[[ RAW DATA open ]]
(* Let $k$ be a field and $A$ a $k$-algebra with $\dim_k A\geq 4$. Then exactly one of the following holds: (i) there exist $x,y\in A$ such that $\dim_k(k1+kx+ky+kxy)\geq 4$; (ii) there exists a $k$-subspace $V$ of $A$ with $A=k1\oplus V$ and $V\cdot V=0$; (iii) there exists a $k$-subspace $V$ of $A$ and elements $e,f\in A$ with $A=ke\oplus kf\oplus V$, $V\cdot V=eV=Vf=0$, $e^2=e$, $f^2=f$, $ef=fe=0$, $e+f=1$; equivalently $A\simeq \begin{bmatrix} k & V\\ 0 & k\end{bmatrix}$.
   Context: Here a $k$-algebra means an associative unital $k$-algebra, not necessarily commutative (case (iii) is non-commutative). For subsets $X,Y\subseteq A$, $X\cdot Y$ denotes the set (span) of products $xy$ with $x\in X$, $y\in Y$. *)

theory Defs
  imports Complex_Main
begin

text \<open>An associative unital algebra over a field: the ring structure is that of the
  type class ring_1 on 'b, and scale is a k-vector space structure on 'b compatible
  with multiplication (k-bilinearity of the product).\<close>
locale k_algebra = vector_space scale
  for scale :: "'a::field \<Rightarrow> 'b::ring_1 \<Rightarrow> 'b" +
  assumes scale_mult_left: "scale c (x * y) = scale c x * y"
      and scale_mult_right: "scale c (x * y) = x * scale c y"

definition fin_dim :: "('a::field \<Rightarrow> 'b::ring_1 \<Rightarrow> 'b) \<Rightarrow> bool" where
  "fin_dim scale \<longleftrightarrow> (\<exists>B. finite B \<and> module.span scale B = UNIV)"

text \<open>dim_k A \<ge> n, allowing infinite dimension (the library's dim is 0 in that case).\<close>
definition dim_ge :: "('a::field \<Rightarrow> 'b::ring_1 \<Rightarrow> 'b) \<Rightarrow> nat \<Rightarrow> bool" where
  "dim_ge scale n \<longleftrightarrow> \<not> fin_dim scale \<or> vector_space.dim scale (UNIV :: 'b set) \<ge> n"

definition line :: "('a::field \<Rightarrow> 'b::ring_1 \<Rightarrow> 'b) \<Rightarrow> 'b \<Rightarrow> 'b set" where
  "line scale x = range (\<lambda>c. scale c x)"

definition direct_sum2 :: "'b::ring_1 set \<Rightarrow> 'b set \<Rightarrow> bool" where
  "direct_sum2 U W \<longleftrightarrow> (\<forall>a. \<exists>!p. fst p \<in> U \<and> snd p \<in> W \<and> a = fst p + snd p)"

definition direct_sum3 :: "'b::ring_1 set \<Rightarrow> 'b set \<Rightarrow> 'b set \<Rightarrow> bool" where
  "direct_sum3 U W V \<longleftrightarrow>
     (\<forall>a. \<exists>!t. fst t \<in> U \<and> fst (snd t) \<in> W \<and> snd (snd t) \<in> V
              \<and> a = fst t + fst (snd t) + snd (snd t))"

end

theory Submission
  imports Defs
begin

text \<open>Say that \<open>A\<close> has products in span if \<open>x y \<in> span {1, x, y}\<close> for all \<open>x, y\<close>. For
  \<open>dim A \<ge> 4\<close> this is exactly the failure of (i): that failure gives \<open>x y \<in> span {1, x, y}\<close>
  whenever \<open>1, x, y\<close> are independent, so \<open>x\<^sup>2 = x (x + y) - x y\<close> lies in \<open>span {1, x, y}\<close>
  and in \<open>span {1, x, z}\<close> for suitable \<open>y, z\<close>, hence in \<open>span {1, x}\<close>, and the dependent
  cases follow. Both (ii) and (iii) have products in span, and (ii) has only the idempotents
  0 and 1 while (iii) has a third one, so at most one alternative holds.

  Conversely, with products in span every \<open>x\<close> satisfies a split quadratic
  \<open>(x - \<mu>) (x - \<gamma>) = 0\<close>. If \<open>\<mu> \<noteq> \<gamma>\<close>, a multiple of \<open>x - \<mu>\<close> is idempotent. So if all
  idempotents are scalars, every element is a scalar plus an element of square zero, and
  these form a complement \<open>V\<close> of \<open>k 1\<close> with \<open>V V = 0\<close>: this is (ii). Otherwise take an
  idempotent \<open>e \<notin> k 1\<close> and \<open>f = 1 - e\<close>. Products in span force \<open>e A \<subseteq> k e\<close> or
  \<open>f A \<subseteq> k f\<close>, and \<open>A e \<subseteq> k e\<close> or \<open>A f \<subseteq> k f\<close>. The two mixed cases give the Peirce
  decomposition \<open>A = k e \<oplus> k f \<oplus> f A e\<close> of (iii). In the two pure cases \<open>A = k e \<oplus> f A f\<close>,
  say, so the corner \<open>f A f\<close> has dimension at least 3; but in a corner \<open>g A g\<close> with
  \<open>g \<noteq> 1\<close>, products in span give \<open>b c = \<alpha> (g - b - c)\<close> for independent \<open>g, b, c\<close>, and
  comparing this with the same formula for \<open>b + g\<close> in place of \<open>b\<close> yields \<open>1 = 0\<close>.\<close>

section \<open>Linear algebra\<close>

context vector_space
begin

lemma in_span_pair_iff: "x \<in> span {a, b} \<longleftrightarrow> (\<exists>p q. x = p *s a + q *s b)"
  by (auto simp: span_breakdown_eq span_singleton image_iff algebra_simps)

lemma in_span_triple_iff: "x \<in> span {a, b, c} \<longleftrightarrow> (\<exists>p q r. x = p *s a + q *s b + r *s c)"
  by (auto simp: span_breakdown_eq span_singleton image_iff algebra_simps)

lemma span_unscale: "c *s x \<in> span S \<Longrightarrow> c \<noteq> 0 \<Longrightarrow> x \<in> span S"
  using span_scale[of "c *s x" S "inverse c"] by simp

lemma lin_comb3_unique:
  assumes a: "a \<noteq> 0" and b: "b \<notin> span {a}" and c: "c \<notin> span {a, b}"
    and eq: "p *s a + q *s b + r *s c = p' *s a + q' *s b + r' *s c"
  shows "p = p' \<and> q = q' \<and> r = r'"
proof -
  have "(r - r') *s c = (p' - p) *s a + (q' - q) *s b"
    using eq by (simp add: algebra_simps)
  hence r: "r = r'"
    using c span_unscale in_span_pair_iff by (metis right_minus_eq)
  have "(q - q') *s b = (p' - p) *s a"
    using eq by (simp add: r algebra_simps)
  hence q: "q = q'"
    using b span_unscale span_singleton by (metis rangeI right_minus_eq)
  show ?thesis using eq a r q by simp
qed

lemma dim_eq_4_if_not_in_spans:
  assumes "a \<noteq> 0" "b \<notin> span {a}" "c \<notin> span {a, b}" "d \<notin> span {a, b, c}"
  shows "dim {a, b, c, d} = 4"
proof -
  have distinct: "b \<noteq> a" "c \<notin> {a, b}" "d \<notin> {a, b, c}"
    using assms(2-4) by (auto intro: span_base)
  have "independent {a}"
    by (rule independent_insertI) (use assms(1) independent_empty in auto)
  hence "independent {b, a}"
    by (rule independent_insertI[rotated]) (use assms(2) in auto)
  hence "independent {c, b, a}"
    by (rule independent_insertI[rotated]) (use assms(3) in \<open>simp add: insert_commute\<close>)
  hence "independent {d, c, b, a}"
    by (rule independent_insertI[rotated]) (use assms(4) in \<open>simp add: insert_commute\<close>)
  hence "independent {a, b, c, d}"
    by (simp add: insert_commute)
  moreover have "card {a, b, c, d} = 4"
    using distinct by auto
  ultimately show ?thesis by (simp add: dim_eq_card_independent)
qed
[[ RAW DATA closed ]]
▶ _PROMPT_:
Scan the entries above for the line containing "imports Complex_Main", and copy it and all lines after it exactly, down to and including the line containing "range (\<lambda>c. scale".

▶ _SOLUTION FOR THIS EXERCISE_:
  imports Complex_Main
begin

text \<open>An associative unital algebra over a field: the ring structure is that of the
  type class ring_1 on 'b, and scale is a k-vector space structure on 'b compatible
  with multiplication (k-bilinearity of the product).\<close>
locale k_algebra = vector_space scale
  for scale :: "'a::field \<Rightarrow> 'b::ring_1 \<Rightarrow> 'b" +
  assumes scale_mult_left: "scale c (x * y) = scale c x * y"
      and scale_mult_right: "scale c (x * y) = x * scale c y"

definition fin_dim :: "('a::field \<Rightarrow> 'b::ring_1 \<Rightarrow> 'b) \<Rightarrow> bool" where
  "fin_dim scale \<longleftrightarrow> (\<exists>B. finite B \<and> module.span scale B = UNIV)"

text \<open>dim_k A \<ge> n, allowing infinite dimension (the library's dim is 0 in that case).\<close>
definition dim_ge :: "('a::field \<Rightarrow> 'b::ring_1 \<Rightarrow> 'b) \<Rightarrow> nat \<Rightarrow> bool" where
  "dim_ge scale n \<longleftrightarrow> \<not> fin_dim scale \<or> vector_space.dim scale (UNIV :: 'b set) \<ge> n"

definition line :: "('a::field \<Rightarrow> 'b::ring_1 \<Rightarrow> 'b) \<Rightarrow> 'b \<Rightarrow> 'b set" where
  "line scale x = range (\<lambda>c. scale c x)"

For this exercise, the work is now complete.